lemma even_sum_edge_deg_iff:
  assumes "finite K"
  shows "even (\<Sum>y\<in>K. edge_deg e y) \<longleftrightarrow> \<not> crossing K e"
proof -
  obtain a b where e: "e = Upair a b"
    by (cases e)
  have "(\<Sum>y\<in>K. edge_deg e y) = (if a \<in> K then 1 else 0) + (if b \<in> K then 1 else 0)"
    using assms by (simp add: e edge_deg_Upair sum.distrib)
  then show ?thesis
    by (auto simp: e crossing_def)
qed

lemma even_sum_deg_iff:
  assumes "finite K"
  shows "even (\<Sum>y\<in>K. deg X y) \<longleftrightarrow> even (size (filter_mset (crossing K) X))"
  by (induction X) (simp_all add: sum.distrib even_sum_edge_deg_iff[OF assms])

lemma even_size_crossing:
  assumes "finite K" "\<And>y. y \<in> K \<Longrightarrow> even (deg X y)"
  shows "even (size (filter_mset (crossing K) X))"
  using assms by (simp add: dvd_sum flip: even_sum_deg_iff)

lemma rtrancl_adj_crossing:
  assumes "(a, b) \<in> (adj X)\<^sup>*" "a \<in> K" "b \<notin> K"
  shows "\<exists>e\<in>#X. crossing K e"
  using assms(1,3)
proof (induction rule: rtrancl_induct)
  case (step y z)
  show ?case
  proof (cases "y \<in> K")
    case True
    with step(2,4) have "crossing K (Upair y z)"
      by (auto simp: crossing_def)
    with step(2) show ?thesis
      by auto
  qed (use step in blast)
qed (use assms(2) in simp)

lemma sum_size_filter_mset:
  assumes "finite J"
  shows "(\<Sum>j\<in>J. size (filter_mset (P j) X)) = (\<Sum>e\<in>#X. card {j\<in>J. P j e})"
proof (induction X)
  case (add e X)
  have "(\<Sum>j\<in>J. size (filter_mset (P j) (add_mset e X)))
      = (\<Sum>j\<in>J. (if P j e then 1 else 0) + size (filter_mset (P j) X))"
    by (intro sum.cong) auto
  also have "\<dots> = card {j\<in>J. P j e} + (\<Sum>j\<in>J. size (filter_mset (P j) X))"
    using assms by (simp add: sum.distrib sum.inter_filter[symmetric])
  finally show ?case
    using add.IH by simp
qed simp

lemma crossing_reach_avoiding:
  assumes ab: "Upair a b \<in># X" and cross: "crossing (reach_avoiding X x u) (Upair a b)"
    and "u \<noteq> x"
  shows "(a = x \<and> b \<in> reach_avoiding X x u) \<or> (b = x \<and> a \<in> reach_avoiding X x u)"
proof -
  have ba: "Upair b a \<in># X"
    using ab by (simp add: Upair_commute)
  have "(a \<in> reach_avoiding X x u \<and> b \<notin> reach_avoiding X x u) \<or>
      (b \<in> reach_avoiding X x u \<and> a \<notin> reach_avoiding X x u)"
    using cross by (auto simp: crossing_def)
  then show ?thesis
    using reach_avoiding_closed[OF ab _ \<open>u \<noteq> x\<close>] reach_avoiding_closed[OF ba _ \<open>u \<noteq> x\<close>]
    by blast
qed

lemma even_deg_second_edge_into_reach:
  assumes even: "\<And>y. even (deg X y)" and xu: "Upair x u \<in># X" "u \<noteq> x"
  shows "\<exists>z. Upair x z \<in># X - {#Upair x u#} \<and> z \<in> reach_avoiding X x u"
proof -
  define K where "K = reach_avoiding X x u"
  define F where "F = filter_mset (crossing K) X"
  have uK: "u \<in> K" and xK: "x \<notin> K"
    using xu(2) by (simp_all add: K_def start_in_reach_avoiding avoided_notin_reach_avoiding)
  have "even (size F)"
    unfolding F_def K_def using finite_reach_avoiding even by (rule even_size_crossing)
  moreover have "Upair x u \<in># F"
    using xu(1) uK xK by (auto simp: F_def crossing_def)
  ultimately have "size (F - {#Upair x u#}) \<noteq> 0"
    by (metis odd_one size_eq_0_iff_empty size_single insert_DiffM)
  then obtain f where f: "f \<in># F - {#Upair x u#}"
    by (metis multiset_nonemptyE size_empty)
  obtain a b where ab: "f = Upair a b"
    by (cases f)
  have "F - {#Upair x u#} \<subseteq># X - {#Upair x u#}"
    by (auto simp: F_def subseteq_mset_def intro: diff_le_mono)
  then have fX: "Upair a b \<in># X - {#Upair x u#}"
    using f unfolding ab by (rule mset_subset_eqD)
  moreover have "crossing K (Upair a b)"
    using f by (auto simp: ab F_def dest: in_diffD)
  then have "(a = x \<and> b \<in> K) \<or> (b = x \<and> a \<in> K)"
    using crossing_reach_avoiding[OF in_diffD[OF fX] _ xu(2)] by (simp add: K_def)
  ultimately show ?thesis
    by (auto simp: K_def Upair_commute)
qed

section \<open>Splitting off a pair of edges\<close>

definition shortcut :: "'v \<Rightarrow> 'v \<Rightarrow> 'v uprod multiset" where
  "shortcut u w = (if u = w then {#} else {#Upair u w#})"

definition split_off :: "'v \<Rightarrow> 'v \<Rightarrow> 'v \<Rightarrow> 'v uprod multiset \<Rightarrow> 'v uprod multiset" where
  "split_off v u w X = X - {#Upair v u, Upair v w#} + shortcut u w"

lemma split_off_union:
  assumes "{#Upair v u, Upair v w#} \<subseteq># S"
  shows "R + split_off v u w S = split_off v u w (R + S)"
  unfolding split_off_def multiset_diff_union_assoc[OF assms] by (rule add.assoc[symmetric])

lemma split_off_plus_wedge:
  assumes "{#Upair v u, Upair v w#} \<subseteq># X"
  shows "split_off v u w X + {#Upair v u, Upair v w#} = X + shortcut u w"
proof -
  have "X - {#Upair v u, Upair v w#} + {#Upair v u, Upair v w#} = X"
    using assms by (rule subset_mset.diff_add)
  then show ?thesis
    unfolding split_off_def by (metis add.assoc add.commute)
qed

lemma size_split_off_less:
  assumes "{#Upair v u, Upair v w#} \<subseteq># X"
  shows "size (split_off v u w X) < size X"
proof -
  have "size (split_off v u w X) + 2 = size X + size (shortcut u w)"
    using arg_cong[OF split_off_plus_wedge[OF assms], of size] by simp
  moreover have "size (shortcut u w) \<le> 1"
    by (simp add: shortcut_def)
  ultimately show ?thesis
    by linarith
qed

lemma wt_split_off_le:
  assumes "{#Upair v u, Upair v w#} \<subseteq># X"
    and "u \<noteq> w \<Longrightarrow> \<omega> (Upair u w) \<le> \<omega> (Upair v u) + \<omega> (Upair v w)"
  shows "wt \<omega> (split_off v u w X) \<le> wt \<omega> X"
proof -
  have "wt \<omega> (split_off v u w X) + \<omega> (Upair v u) + \<omega> (Upair v w) = wt \<omega> X + wt \<omega> (shortcut u w)"
    using arg_cong[OF split_off_plus_wedge[OF assms(1)], of "wt \<omega>"] by (simp add: wt_def)
  moreover have "wt \<omega> (shortcut u w) \<le> \<omega> (Upair v u) + \<omega> (Upair v w)"
    using assms(2) by (simp add: shortcut_def wt_def)
  ultimately show ?thesis
    by linarith
qed

lemma even_deg_split_off_iff:
  assumes "{#Upair v u, Upair v w#} \<subseteq># X" "u \<noteq> v" "w \<noteq> v"
  shows "even (deg (split_off v u w X) y) \<longleftrightarrow> even (deg X y)"
proof -
  have "deg (split_off v u w X) y + deg {#Upair v u, Upair v w#} y = deg X y + deg (shortcut u w) y"
    using arg_cong[OF split_off_plus_wedge[OF assms(1)], of "\<lambda>X. deg X y"] by simp
  moreover have "even (deg {#Upair v u, Upair v w#} y + deg (shortcut u w) y)"
    using assms(2,3) by (simp add: shortcut_def edge_deg_Upair)
  ultimately show ?thesis
    by presburger
qed

lemma verts_split_off_subset:
  assumes "{#Upair v u, Upair v w#} \<subseteq># X"
  shows "verts (split_off v u w X) \<subseteq> verts X"
proof -
  have "verts (X - {#Upair v u, Upair v w#}) \<subseteq> verts X"
    by (rule verts_mono) simp
  moreover have "u \<in> verts X" "w \<in> verts X"
    using verts_mono[OF assms] by auto
  ultimately show ?thesis
    by (auto simp: split_off_def shortcut_def)
qed

lemma Upair_mem_split_off_iff:
  assumes "u \<noteq> v" "w \<noteq> v"
  shows "Upair v z \<in># split_off v u w X \<longleftrightarrow> Upair v z \<in># X - {#Upair v u, Upair v w#}"
  using assms by (auto simp: split_off_def shortcut_def)

lemma adj_avoiding_subset_split_off: "adj_avoiding X v \<subseteq> adj (split_off v u w X)"
  by (auto simp: adj_avoiding_def split_off_def in_diff_count)

lemma mem_diff_single_if_neq: "a \<in># M \<Longrightarrow> a \<noteq> b \<Longrightarrow> a \<in># M - {#b#}"
  by (simp add: in_diff_count)

lemma Upair_mem_diff_wedge:
  assumes "Upair v z \<in># X" "z \<noteq> u" "z \<noteq> w"
  shows "Upair v z \<in># X - {#Upair v u, Upair v w#}"
  using assms by (auto simp: in_diff_count)

lemma split_off_reaches_neighbour:
  assumes conn: "connected_ms X" and wedge: "{#Upair v u, Upair v w#} \<subseteq># X"
    and y: "y \<in> verts (split_off v u w X)" "y \<noteq> v"
  shows "\<exists>z. (y, z) \<in> (adj (split_off v u w X))\<^sup>* \<and> Upair z v \<in># X"
proof -
  have "v \<in> verts X" "y \<in> verts X"
    using verts_mono[OF wedge] y(1) verts_split_off_subset[OF wedge] by auto
  then have "(y, v) \<in> (adj X)\<^sup>*"
    using conn by (simp add: connected_ms_def)
  then obtain z where "(y, z) \<in> (adj_avoiding X v)\<^sup>*" "Upair z v \<in># X"
    using rtrancl_adj_last_neighbour[OF _ y(2)] by blast
  moreover have "(adj_avoiding X v)\<^sup>* \<subseteq> (adj (split_off v u w X))\<^sup>*"
    using adj_avoiding_subset_split_off by (rule rtrancl_mono)
  ultimately show ?thesis
    by blast
qed

lemma connected_split_off:
  assumes conn: "connected_ms X" and wedge: "{#Upair v u, Upair v w#} \<subseteq># X"
    and uw: "u \<noteq> v" "w \<noteq> v"
    and z: "Upair v z \<in># X - {#Upair v u, Upair v w#}" "z \<in> reach_avoiding X v u"
  shows "connected_ms (split_off v u w X)"
proof (rule connected_msI[where r = v])
  let ?X' = "split_off v u w X"
  have "(u, z) \<in> (adj_avoiding X v)\<^sup>*"
    using z(2) by (simp add: reach_avoiding_def)
  then have "(u, z) \<in> (adj ?X')\<^sup>*"
    using rtrancl_mono[OF adj_avoiding_subset_split_off[of X v u w]] by blast
  moreover have "Upair v z \<in># ?X'"
    using z(1) Upair_mem_split_off_iff[OF uw] by blast
  then have "(z, v) \<in> adj ?X'"
    by (simp add: Upair_commute)
  ultimately have u_v: "(u, v) \<in> (adj ?X')\<^sup>*"
    by (rule rtrancl_into_rtrancl)
  have w_v: "(w, v) \<in> (adj ?X')\<^sup>*"
  proof (cases "u = w")
    case False
    then have "(w, u) \<in> adj ?X'"
      by (simp add: split_off_def shortcut_def Upair_commute)
    then show ?thesis
      using u_v by (rule converse_rtrancl_into_rtrancl)
  qed (use u_v in simp)
  fix y assume y: "y \<in> verts ?X'"
  show "(y, v) \<in> (adj ?X')\<^sup>*"
  proof (cases "y = v")
    case False
    then obtain z0 where z0: "(y, z0) \<in> (adj ?X')\<^sup>*" "Upair z0 v \<in># X"
      using split_off_reaches_neighbour[OF conn wedge y] by blast
    have "(z0, v) \<in> (adj ?X')\<^sup>*"
    proof (cases "z0 = u \<or> z0 = w")
      case False
      then have "Upair v z0 \<in># X - {#Upair v u, Upair v w#}"
        using z0(2) by (intro Upair_mem_diff_wedge) (auto simp: Upair_commute)
      then have "Upair v z0 \<in># ?X'"
        using Upair_mem_split_off_iff[OF uw] by blast
      then show ?thesis
        by (simp add: Upair_commute r_into_rtrancl)
    qed (use u_v w_v in blast)
    with z0(1) show ?thesis
      by (rule rtrancl_trans)
  qed simp
qed

lemma connected_split_off_isolating:
  assumes conn: "connected_ms X" and wedge: "{#Upair v u, Upair v w#} \<subseteq># X"
    and uw: "u \<noteq> v" "w \<noteq> v"
    and isolated: "\<And>z. Upair v z \<notin># X - {#Upair v u, Upair v w#}"
  shows "connected_ms (split_off v u w X)"
proof (rule connected_msI[where r = u])
  let ?X' = "split_off v u w X"
  have w_u: "(w, u) \<in> (adj ?X')\<^sup>*"
  proof (cases "u = w")
    case False
    then have "(w, u) \<in> adj ?X'"
      by (simp add: split_off_def shortcut_def Upair_commute)
    then show ?thesis
      by blast
  qed simp
  fix y assume y: "y \<in> verts ?X'"
  moreover have "y \<noteq> v"
    using y isolated Upair_mem_split_off_iff[OF uw] by (auto simp: in_verts_iff)
  ultimately obtain z0 where z0: "(y, z0) \<in> (adj ?X')\<^sup>*" "Upair z0 v \<in># X"
    using split_off_reaches_neighbour[OF conn wedge] by blast
  have "z0 = u \<or> z0 = w"
  proof (rule ccontr)
    assume "\<not> (z0 = u \<or> z0 = w)"
    then have "Upair v z0 \<in># X - {#Upair v u, Upair v w#}"
      using z0(2) by (intro Upair_mem_diff_wedge) (simp_all add: Upair_commute)
    with isolated show False
      by blast
  qed
  with z0(1) w_u show "(y, u) \<in> (adj ?X')\<^sup>*"
    by (auto intro: rtrancl_trans)
qed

☆ ☆ ☆ ☆

-- What the task asks --
What you give back must be the stretch above, starting at the line with "by (cases f)" and ending at the line with "b \<in> K) \<or>", copied exactly.

-- The completed task --
    by (cases f)
  have "F - {#Upair x u#} \<subseteq># X - {#Upair x u#}"
    by (auto simp: F_def subseteq_mset_def intro: diff_le_mono)
  then have fX: "Upair a b \<in># X - {#Upair x u#}"
    using f unfolding ab by (rule mset_subset_eqD)
  moreover have "crossing K (Upair a b)"
    using f by (auto simp: ab F_def dest: in_diffD)
  then have "(a = x \<and> b \<in> K) \<or> (b = x \<and> a \<in> K)"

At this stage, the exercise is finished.